> _Given entries_
instance lc :: linordered_ab_group_add
proof
  fix x y z :: lc
  show "(x < y) = (x \<le> y \<and> \<not> y \<le> x)" unfolding less_lc_def less_eq_lc_def
    by (metis lc_pos_uminus not_lc_pos_zero minus_diff_eq right_minus_eq)
  show "x \<le> x" unfolding less_eq_lc_def by simp
  show "x \<le> y \<Longrightarrow> y \<le> z \<Longrightarrow> x \<le> z" unfolding less_eq_lc_def
    by (metis diff_add_cancel add_diff_eq lc_pos_add)
  show "x \<le> y \<Longrightarrow> y \<le> x \<Longrightarrow> x = y" unfolding less_eq_lc_def
    by (metis lc_pos_uminus minus_diff_eq)
  show "x \<le> y \<or> y \<le> x" unfolding less_eq_lc_def
    by (metis lc_pos_or_pos_uminus minus_diff_eq right_minus_eq)
  show "x \<le> y \<Longrightarrow> z + x \<le> z + y" unfolding less_eq_lc_def by simp
qed

lemma lc_zero_less_iff: "0 < x \<longleftrightarrow> lc_pos x"
  unfolding less_lc_def by simp

lemma lc_zero_lessI: "coeff x t > 0 \<Longrightarrow> (\<forall>s<t. coeff x s = 0) \<Longrightarrow> 0 < x"
  unfolding lc_zero_less_iff lc_pos_def by blast

instantiation lc :: ordered_ab_group_add_abs
begin
definition abs_lc :: "lc \<Rightarrow> lc" where "abs_lc = lc_abs"
instance
proof
  fix a b :: lc
  show "0 \<le> \<bar>a\<bar>" "a \<le> \<bar>a\<bar>" "\<bar>- a\<bar> = \<bar>a\<bar>"
    by (auto simp: abs_lc_def lc_abs_def)
  show "a \<le> b \<Longrightarrow> - a \<le> b \<Longrightarrow> \<bar>a\<bar> \<le> b"
    by (simp add: abs_lc_def lc_abs_def)
  have ge: "x \<le> \<bar>x\<bar>" "- x \<le> \<bar>x\<bar>" for x :: lc
    by (auto simp: abs_lc_def lc_abs_def not_le less_imp_le)
  have "a + b \<le> \<bar>a\<bar> + \<bar>b\<bar>" using add_mono[OF ge(1) ge(1)] .
  moreover have "- (a + b) \<le> \<bar>a\<bar> + \<bar>b\<bar>" using add_mono[OF ge(2) ge(2)] by simp
  ultimately show "\<bar>a + b\<bar> \<le> \<bar>a\<bar> + \<bar>b\<bar>"
    by (simp add: abs_lc_def lc_abs_def)
qed
end

lemma lc_abs_eq_abs [simp]: "lc_abs x = \<bar>x\<bar>"
  by (simp add: abs_lc_def)

lemma abs_less_iff_linordered:
  fixes x e :: "'a :: {linordered_ab_group_add, ordered_ab_group_add_abs}"
  shows "\<bar>x\<bar> < e \<longleftrightarrow> x < e \<and> - x < e"
  by (metis abs_ge_minus_self abs_ge_self abs_minus_cancel abs_of_nonneg abs_of_nonpos
      le_less_trans linorder_le_cases)

lemma abs_add_less:
  fixes x y :: "'a :: ordered_ab_group_add_abs"
  shows "\<bar>x\<bar> < e1 \<Longrightarrow> \<bar>y\<bar> < e2 \<Longrightarrow> \<bar>x + y\<bar> < e1 + e2"
  by (rule order.strict_trans1[OF abs_triangle_ineq add_strict_mono])


section \<open>Monomials and leading terms\<close>

text \<open>\<open>lc_monom c e\<close> is the element \<open>c d\<^sup>e\<close>.\<close>

lift_definition lc_monom :: "real \<Rightarrow> rat \<Rightarrow> lc" is "\<lambda>c e t. if t = e then c else 0"
proof -
  fix c :: real and e q :: rat
  have "{t. (if t = e then c else 0) \<noteq> 0 \<and> t < q} \<subseteq> {e}" by auto
  then show "finite {t. (if t = e then c else 0) \<noteq> 0 \<and> t < q}" using finite_subset by blast
qed

lemma coeff_lc_monom [simp]: "coeff (lc_monom c e) t = (if t = e then c else 0)"
  by transfer simp

lemma lc_monom_add: "lc_monom c e + lc_monom c' e = lc_monom (c + c') e"
  by (rule lc_eqI) simp

lemma lc_monom_diff: "lc_monom c e - lc_monom c' e = lc_monom (c - c') e"
  by (rule lc_eqI) simp

definition lc_vanishes_below :: "rat \<Rightarrow> lc \<Rightarrow> bool" where
  "lc_vanishes_below k y \<longleftrightarrow> (\<forall>s<k. coeff y s = 0)"

lemma lc_pos_imp_leading:
  "0 < x \<Longrightarrow> \<exists>e. coeff x e > 0 \<and> lc_vanishes_below e x"
  unfolding lc_zero_less_iff lc_pos_def lc_vanishes_below_def by blast

lemma lc_monom_pos: "c > 0 \<Longrightarrow> 0 < lc_monom c e"
  by (rule lc_zero_lessI[of _ e]) auto

lemma lc_monom_strict_mono: "c < c' \<Longrightarrow> lc_monom c e < lc_monom c' e"
  using lc_monom_pos[of "c' - c" e] by (simp add: lc_monom_diff[symmetric])

lemma lc_monom_less_exponent: "c > 0 \<Longrightarrow> e < e' \<Longrightarrow> lc_monom c' e' < lc_monom c e"
  by (subst diff_gt_0_iff_gt[symmetric], rule lc_zero_lessI[of _ e]) auto

lemma lc_monom_less_leading:
  "0 < c \<Longrightarrow> c < coeff x e \<Longrightarrow> lc_vanishes_below e x \<Longrightarrow> lc_monom c e < x"
  by (subst diff_gt_0_iff_gt[symmetric], rule lc_zero_lessI[of _ e])
    (auto simp: lc_vanishes_below_def)

lemma lc_less_if_vanishes_below:
  assumes "coeff \<epsilon> e > 0" "lc_vanishes_below e \<epsilon>" "e < k" "lc_vanishes_below k y"
  shows "y < \<epsilon>"
  using assms by (subst diff_gt_0_iff_gt[symmetric], intro lc_zero_lessI[of _ e])
    (auto simp: lc_vanishes_below_def)

lemma lc_abs_less_if_vanishes_below:
  assumes "coeff \<epsilon> e > 0" "lc_vanishes_below e \<epsilon>" "e < k" "lc_vanishes_below k y"
  shows "\<bar>y\<bar> < \<epsilon>"
  using lc_less_if_vanishes_below[OF assms] lc_less_if_vanishes_below[OF assms(1-3), of "- y"]
    assms(4)
  by (simp add: abs_less_iff_linordered lc_vanishes_below_def)

lemma lc_vanishes_below_if_abs_less:
  assumes "\<bar>y\<bar> < lc_monom 1 k"
  shows "lc_vanishes_below k y"
proof (rule ccontr)
  assume "\<not> lc_vanishes_below k y"
  then obtain s where s: "s < k" "coeff y s \<noteq> 0" unfolding lc_vanishes_below_def by auto
  then obtain t where t: "coeff y t \<noteq> 0" "\<forall>s<t. coeff y s = 0"
    using lc_leading_exponent_exists[of y] by (metis coeff_zero)
  have tk: "t < k" using t s by (meson not_le le_less_trans)
  have "y < lc_monom 1 k" "- y < lc_monom 1 k"
    using assms abs_less_iff_linordered by auto
  moreover have "0 < y - lc_monom 1 k \<or> 0 < - y - lc_monom 1 k"
  proof (cases "coeff y t > 0")
    case True
    then show ?thesis using tk t by (intro disjI1 lc_zero_lessI[of _ t]) auto
  next
    case False
    then show ?thesis using tk t by (intro disjI2 lc_zero_lessI[of _ t]) auto
  qed
  ultimately show False by auto
qed

lemma ceiling_less_of_nat_Suc: "(t::rat) < of_nat (nat \<lceil>t\<rceil> + 1)"
  by linarith

lemma lc_monom_eventually_less:
  assumes "0 < \<epsilon>" shows "\<exists>k::nat. \<forall>j\<ge>k. lc_monom 1 (of_nat j) < \<epsilon>"
proof -
  obtain e where e: "coeff \<epsilon> e > 0" "lc_vanishes_below e \<epsilon>"
    using lc_pos_imp_leading[OF assms] by blast
  have "lc_monom 1 (of_nat j) < \<epsilon>" if "nat \<lceil>e\<rceil> + 1 \<le> j" for j
  proof (rule lc_less_if_vanishes_below[OF e])
    show "e < of_nat j"
      using ceiling_less_of_nat_Suc[of e] that by (meson less_le_trans of_nat_le_iff)
    show "lc_vanishes_below (of_nat j) (lc_monom 1 (of_nat j))"
      by (simp add: lc_vanishes_below_def)
  qed
  then show ?thesis by blast
qed

lift_definition lc_half :: "lc \<Rightarrow> lc" is "\<lambda>x t. x t / 2"
  by simp

lemma coeff_lc_half [simp]: "coeff (lc_half x) t = coeff x t / 2"
  by transfer simp

lemma lc_half_add_self [simp]: "lc_half x + lc_half x = x"
  by (rule lc_eqI) simp

lemma lc_half_pos: "0 < x \<Longrightarrow> 0 < lc_half x"
  unfolding lc_zero_less_iff lc_pos_def by auto

lemma lc_half_less: "0 < x \<Longrightarrow> lc_half x < x"
  using lc_half_pos[of x] lc_half_add_self[of x] by (metis add_less_cancel_left add.right_neutral)

instance lc :: dense_linorder
proof
  fix a b :: lc
  assume "a < b"
  then have "0 < lc_half (b - a)" "lc_half (b - a) < b - a"
    using lc_half_pos lc_half_less by simp_all
  then show "\<exists>z. a < z \<and> z < b"
    by (intro exI[of _ "a + lc_half (b - a)"]) (simp add: less_diff_eq add.commute)
qed

section \<open>Limits and series\<close>

lemma lc_tendsto_const: "lc_tendsto (\<lambda>n. c) c"
  unfolding lc_tendsto_def by simp

lemma lc_tendsto_add:
  assumes "lc_tendsto a A" "lc_tendsto b B"
  shows "lc_tendsto (\<lambda>n. a n + b n) (A + B)"
  unfolding lc_tendsto_def
proof (intro allI impI)
  fix \<epsilon> :: lc
  assume "0 < \<epsilon>"
  then obtain N1 N2 where "\<forall>n\<ge>N1. \<bar>a n - A\<bar> < lc_half \<epsilon>" "\<forall>n\<ge>N2. \<bar>b n - B\<bar> < lc_half \<epsilon>"
    using assms lc_half_pos unfolding lc_tendsto_def by (metis lc_abs_eq_abs)
  then have "\<bar>(a n - A) + (b n - B)\<bar> < lc_half \<epsilon> + lc_half \<epsilon>" if "max N1 N2 \<le> n" for n
    using that by (intro abs_add_less) auto
  then show "\<exists>N. \<forall>n\<ge>N. lc_abs (a n + b n - (A + B)) < \<epsilon>"
    by (intro exI[of _ "max N1 N2"]) (simp add: algebra_simps)
qed

lemma lc_tendsto_diff:
  assumes "lc_tendsto a A" "lc_tendsto b B"
  shows "lc_tendsto (\<lambda>n. a n - b n) (A - B)"
proof -
  have "lc_tendsto (\<lambda>n. - b n) (- B)"
    using assms(2) unfolding lc_tendsto_def by (simp add: abs_minus_commute add.commute)
  from lc_tendsto_add[OF assms(1) this] show ?thesis by simp
qed

lemma lc_tendsto_le:
  assumes "lc_tendsto a A" "lc_tendsto b B" "\<forall>n\<ge>N0. a n \<le> b n"
  shows "A \<le> B"
proof (rule ccontr)
  assume "\<not> A \<le> B"
  then have d: "0 < A - B" by simp
  let ?h = "lc_half (A - B)"
  obtain N1 N2 where N: "\<forall>n\<ge>N1. \<bar>a n - A\<bar> < ?h" "\<forall>n\<ge>N2. \<bar>b n - B\<bar> < ?h"
    using assms(1,2) lc_half_pos[OF d] unfolding lc_tendsto_def by (metis lc_abs_eq_abs)
  let ?n = "max N0 (max N1 N2)"
  have "A - a ?n < ?h" "b ?n - B < ?h" "a ?n \<le> b ?n"
    using N assms(3) unfolding abs_less_iff_linordered by auto
  then have "A - a ?n + (b ?n - B) < A - B"
    using add_strict_mono lc_half_add_self by metis
  moreover have "A - B \<le> A - a ?n + (b ?n - B)"
    using \<open>a ?n \<le> b ?n\<close> by (simp add: algebra_simps)
  ultimately show False by simp
qed

lemma lc_tendsto_squeeze:
  assumes "lc_tendsto a L" "lc_tendsto b L" "\<forall>n\<ge>N0. a n \<le> x n \<and> x n \<le> b n"
  shows "lc_tendsto x L"
  unfolding lc_tendsto_def
proof (intro allI impI)
  fix \<epsilon> :: lc
  assume "0 < \<epsilon>"
  then obtain N1 N2 where N: "\<forall>n\<ge>N1. \<bar>a n - L\<bar> < \<epsilon>" "\<forall>n\<ge>N2. \<bar>b n - L\<bar> < \<epsilon>"
    using assms(1,2) unfolding lc_tendsto_def by (metis lc_abs_eq_abs)
  have "\<bar>x n - L\<bar> < \<epsilon>" if "max N0 (max N1 N2) \<le> n" for n
  proof -
    have "L - a n < \<epsilon>" "b n - L < \<epsilon>" "a n \<le> x n" "x n \<le> b n"
      using N assms(3) that unfolding abs_less_iff_linordered by auto
    then show ?thesis unfolding abs_less_iff_linordered
      by (metis diff_right_mono le_less_trans minus_diff_eq diff_left_mono)
  qed
  then show "\<exists>N. \<forall>n\<ge>N. lc_abs (x n - L) < \<epsilon>"
    by (intro exI[of _ "max N0 (max N1 N2)"]) simp
qed

lemma lc_tendsto_reindex:
  assumes "lc_tendsto a L" "\<And>N. \<exists>M. \<forall>n\<ge>M. N \<le> g n"
  shows "lc_tendsto (\<lambda>n. a (g n)) L"
  unfolding lc_tendsto_def
proof (intro allI impI)
  fix \<epsilon> :: lc
  assume "0 < \<epsilon>"
  then obtain N where "\<forall>n\<ge>N. lc_abs (a n - L) < \<epsilon>" using assms(1) unfolding lc_tendsto_def by blast
  moreover obtain M where "\<forall>n\<ge>M. N \<le> g n" using assms(2) by blast
  ultimately show "\<exists>M. \<forall>n\<ge>M. lc_abs (a (g n) - L) < \<epsilon>" by auto
qed

definition lc_cauchy :: "(nat \<Rightarrow> lc) \<Rightarrow> bool" where
  "lc_cauchy x \<longleftrightarrow> (\<forall>\<epsilon>>0. \<exists>N. \<forall>i\<ge>N. \<forall>j\<ge>N. \<bar>x i - x j\<bar> < \<epsilon>)"

lemma lc_tendsto_imp_cauchy:
  assumes "lc_tendsto x L" shows "lc_cauchy x"
  unfolding lc_cauchy_def
proof (intro allI impI)
  fix \<epsilon> :: lc
  assume "0 < \<epsilon>"
  then obtain N where N: "\<forall>n\<ge>N. \<bar>x n - L\<bar> < lc_half \<epsilon>"
    using assms lc_half_pos unfolding lc_tendsto_def by (metis lc_abs_eq_abs)
  have "\<bar>(x i - L) + (L - x j)\<bar> < lc_half \<epsilon> + lc_half \<epsilon>" if "N \<le> i" "N \<le> j" for i j
    using N that abs_minus_commute[of L "x j"] by (intro abs_add_less) auto
  then show "\<exists>N. \<forall>i\<ge>N. \<forall>j\<ge>N. \<bar>x i - x j\<bar> < \<epsilon>"
    by (intro exI[of _ N]) simp
qed
lemma is_eigenvalue_charpoly_root_2x2:
  fixes A :: "real^2^2"
  assumes "is_eigenvalue A z" and "charpoly A = [:\<beta>, \<alpha>, 1:]"
  shows "z\<^sup>2 + of_real \<alpha> * z + of_real \<beta> = 0"
proof -
  obtain v :: "complex^2" where "v \<noteq> 0" and v: "map_matrix complex_of_real A *v v = z *s v"
    using assms(1) unfolding is_eigenvalue_def by blast
  have \<alpha>: "\<alpha> = - (A$1$1 + A$2$2)" and \<beta>: "\<beta> = A$1$1 * A$2$2 - A$1$2 * A$2$1"
    using assms(2) unfolding charpoly_2x2 by simp_all
  from v have e1: "of_real (A$1$1) * v$1 + of_real (A$1$2) * v$2 = z * v$1"
    and e2: "of_real (A$2$1) * v$1 + of_real (A$2$2) * v$2 = z * v$2"
    by (simp_all add: vec_eq_iff forall_2 matrix_vector_mult_def sum_2)
  let ?D = "z\<^sup>2 + of_real \<alpha> * z + of_real \<beta>"
  have "?D * v$1 = (of_real (A$2$2) - z) * (of_real (A$1$1) * v$1 + of_real (A$1$2) * v$2 - z * v$1)
      - of_real (A$1$2) * (of_real (A$2$1) * v$1 + of_real (A$2$2) * v$2 - z * v$2)"
    by (simp add: \<alpha> \<beta> algebra_simps power2_eq_square)
  then have "?D * v$1 = 0"
    using e1 e2 by simp
  moreover have "?D * v$2 = (of_real (A$1$1) - z) * (of_real (A$2$1) * v$1 + of_real (A$2$2) * v$2 - z * v$2)
      - of_real (A$2$1) * (of_real (A$1$1) * v$1 + of_real (A$1$2) * v$2 - z * v$1)"
    by (simp add: \<alpha> \<beta> algebra_simps power2_eq_square)
  then have "?D * v$2 = 0"
    using e1 e2 by simp
  moreover have "v$1 \<noteq> 0 \<or> v$2 \<noteq> 0"
    using \<open>v \<noteq> 0\<close> by (auto simp: vec_eq_iff forall_2)
  ultimately show ?thesis
    by auto
qed

lemma quadratic_root_in_unit_disc:
  fixes z :: complex and \<alpha> \<beta> :: real
  assumes "z\<^sup>2 + of_real \<alpha> * z + of_real \<beta> = 0"
    and "0 < \<beta>" and "\<beta> < 1" and "\<bar>\<alpha>\<bar> < 1 + \<beta>"
  shows "cmod z < 1"
proof -
  obtain x y where z: "z = Complex x y"
    by (cases z)
  from assms(1) have re: "x\<^sup>2 - y\<^sup>2 + \<alpha> * x + \<beta> = 0" and im: "(2 * x + \<alpha>) * y = 0"
    by (simp_all add: z complex_eq_iff power2_eq_square algebra_simps)
  show ?thesis
  proof (cases "y = 0")
    case False
    with im have "\<alpha> = - 2 * x"
      by simp
    then have "\<alpha> * x = - 2 * x\<^sup>2"
      by (simp add: power2_eq_square)
    with re assms(3) have "(cmod z)\<^sup>2 < 1\<^sup>2"
      by (simp add: z cmod_def)
    then show ?thesis
      by (rule power_less_imp_less_base) simp
  next
    case True
    define w where "w = - \<alpha> - x"
    \<comment> \<open>x and w are the two real roots; the products below are the values of the polynomial at 1 and -1.\<close>
    have "x * w = \<beta>"
      using re True by (simp add: w_def power2_eq_square algebra_simps)
    have "0 < (1 - x) * (1 - w)" and "0 < (1 + x) * (1 + w)"
      using \<open>x * w = \<beta>\<close> assms(4) by (simp_all add: w_def algebra_simps)
    have "\<bar>x\<bar> < 1"
    proof (cases "\<bar>w\<bar> < 1")
      case True
      then have "0 < 1 - x" "0 < 1 + x"
        using \<open>0 < (1 - x) * (1 - w)\<close> \<open>0 < (1 + x) * (1 + w)\<close> by (auto simp: zero_less_mult_iff)
      then show ?thesis by linarith
    next
      case False
      then have "\<bar>x\<bar> \<le> \<bar>x\<bar> * \<bar>w\<bar>"
        by (simp add: mult_le_cancel_left1)
      then show ?thesis
        using \<open>x * w = \<beta>\<close> assms(2,3) by (simp add: abs_mult)
    qed
    then show ?thesis
      by (simp add: z True cmod_def)
  qed
qed

lemma exp_rem1_sq_mult_disc:
  fixes d :: complex
  assumes "d\<^sup>2 = of_real (a\<^sup>2 - 4 * e)"
  shows "(of_real (exp_rem1 a e))\<^sup>2 * d\<^sup>2 = exp (- of_real a) * (exp d + exp (- d) - 2)"
proof -
  define u v where "u = (- of_real a + d) / 2" and "v = (- of_real a - d) / 2"
  have args: "2 * u = - of_real a + d" "2 * v = - of_real a - d" "u + v = - of_real a"
    by (simp_all add: u_def v_def field_simps)
  have "(of_real (exp_rem1 a e))\<^sup>2 * d\<^sup>2 = (exp u - exp v)\<^sup>2"
    unfolding power_mult_distrib[symmetric] exp_rem1_mult_sqrt_disc[OF assms] u_def v_def ..
  also have "\<dots> = exp (2 * u) + exp (2 * v) - 2 * exp (u + v)"
    by (simp only: power2_diff exp_double exp_add) (simp add: algebra_simps)
  also have "\<dots> = exp (- of_real a) * (exp d + exp (- d) - 2)"
    unfolding args by (simp add: exp_add exp_diff exp_minus field_simps)
  finally show ?thesis .
qed

lemma trace_coeff_closed_form:
  fixes d :: complex
  assumes "d\<^sup>2 = of_real (a\<^sup>2 - 4 * e)" and "d \<noteq> 0"
  shows "of_real (- (2 * exp (- a) + (a * exp_rem1 a e)\<^sup>2))
    = - (exp (- of_real a) * ((of_real a)\<^sup>2 * exp d + (of_real a)\<^sup>2 * exp (- d) + 2 * d\<^sup>2 - 2 * (of_real a)\<^sup>2)) / d\<^sup>2"
proof -
  have "of_real (- (2 * exp (- a) + (a * exp_rem1 a e)\<^sup>2)) * d\<^sup>2
      = - (2 * exp (- of_real a) * d\<^sup>2 + (of_real a)\<^sup>2 * ((of_real (exp_rem1 a e))\<^sup>2 * d\<^sup>2))"
    by (simp add: exp_of_real[symmetric] power_mult_distrib algebra_simps)
  also have "\<dots> = - (exp (- of_real a) * ((of_real a)\<^sup>2 * exp d + (of_real a)\<^sup>2 * exp (- d) + 2 * d\<^sup>2 - 2 * (of_real a)\<^sup>2))"
    unfolding exp_rem1_sq_mult_disc[OF assms(1)] by (simp add: algebra_simps)
  finally show ?thesis
    using assms(2) by (simp add: field_simps)
qed

lemma trace_coeff_lt:
  assumes "0 < a" and "0 < e"
  shows "2 * exp (- a) + (a * exp_rem1 a e)\<^sup>2 < 1 + exp (- 2 * a)"
proof -
  have "\<bar>a * exp_rem1 a e\<bar> < 1 - exp (- a)"
    using abs_exp_rem1_lt[OF assms] assms(1) by (simp add: abs_mult)
  then have "(a * exp_rem1 a e)\<^sup>2 < (1 - exp (- a))\<^sup>2"
    by (metis abs_ge_zero power2_abs power_strict_mono zero_less_numeral)
  then show ?thesis
    by (simp add: power2_diff flip: exp_double)
qed

theorem mainTheorem2:
  fixes a b c \<alpha> \<beta> :: real
  assumes "a > 0" and "b > 0" and "c > 0"
    and "charpoly (mat_exp (vector [vector [-a, b], vector [-c, 0]] :: real^2^2)
                   ** mat_exp (vector [vector [-a, -b], vector [c, 0]] :: real^2^2))
         = [:\<beta>, \<alpha>, 1:]"
  shows "\<beta> = exp (-2 * a)
    \<and> (let d = csqrt (complex_of_real (a\<^sup>2 - 4 * b * c)) in
         d \<noteq> 0 \<longrightarrow>
         complex_of_real \<alpha> =
           - (exp (- complex_of_real a) * ((complex_of_real a)\<^sup>2 * exp d
               + (complex_of_real a)\<^sup>2 * exp (- d) + 2 * d\<^sup>2 - 2 * (complex_of_real a)\<^sup>2)) / d\<^sup>2)
    \<and> (\<forall>z. is_eigenvalue (mat_exp (vector [vector [-a, b], vector [-c, 0]] :: real^2^2)
                   ** mat_exp (vector [vector [-a, -b], vector [c, 0]] :: real^2^2)) z
           \<longrightarrow> cmod z < 1)"
proof -
  have \<beta>: "\<beta> = exp (- 2 * a)" and \<alpha>: "\<alpha> = - (2 * exp (- a) + (a * exp_rem1 a (b * c))\<^sup>2)"
    using assms(4) unfolding charpoly_mat_exp_mult by simp_all
  have "complex_of_real \<alpha> =
      - (exp (- complex_of_real a) * ((complex_of_real a)\<^sup>2 * exp d
          + (complex_of_real a)\<^sup>2 * exp (- d) + 2 * d\<^sup>2 - 2 * (complex_of_real a)\<^sup>2)) / d\<^sup>2"
    if "d = csqrt (complex_of_real (a\<^sup>2 - 4 * b * c))" and "d \<noteq> 0" for d
    unfolding \<alpha> using that by (intro trace_coeff_closed_form) (simp_all add: mult.assoc)
  moreover have "cmod z < 1"
    if "is_eigenvalue (mat_exp (vector [vector [-a, b], vector [-c, 0]] :: real^2^2)
                   ** mat_exp (vector [vector [-a, -b], vector [c, 0]] :: real^2^2)) z" for z
  proof (rule quadratic_root_in_unit_disc)
    show "z\<^sup>2 + of_real \<alpha> * z + of_real \<beta> = 0"
      using is_eigenvalue_charpoly_root_2x2[OF that assms(4)] .
    show "0 < \<beta>" "\<beta> < 1"
      using assms(1) by (simp_all add: \<beta>)
    show "\<bar>\<alpha>\<bar> < 1 + \<beta>"
      unfolding \<alpha> \<beta> abs_minus_cancel using trace_coeff_lt[of a "b * c"] assms(1-3) by simp
  qed
  ultimately show ?thesis
    using \<beta> by (simp add: Let_def)
qed

end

> _Work instructions_
Where the word "rule" occurs in a line of the records, copy that line.

> _Answer box_
  by (rule order.strict_trans1[OF abs_triangle_ineq add_strict_mono])
  by (rule lc_eqI) simp
  by (rule lc_eqI) simp
  by (rule lc_zero_lessI[of _ e]) auto
  by (subst diff_gt_0_iff_gt[symmetric], rule lc_zero_lessI[of _ e]) auto
  by (subst diff_gt_0_iff_gt[symmetric], rule lc_zero_lessI[of _ e])
proof (rule ccontr)
  proof (rule lc_less_if_vanishes_below[OF e])
  by (rule lc_eqI) simp
proof (rule ccontr)
      by (rule power_less_imp_less_base) simp
  proof (rule quadratic_root_in_unit_disc)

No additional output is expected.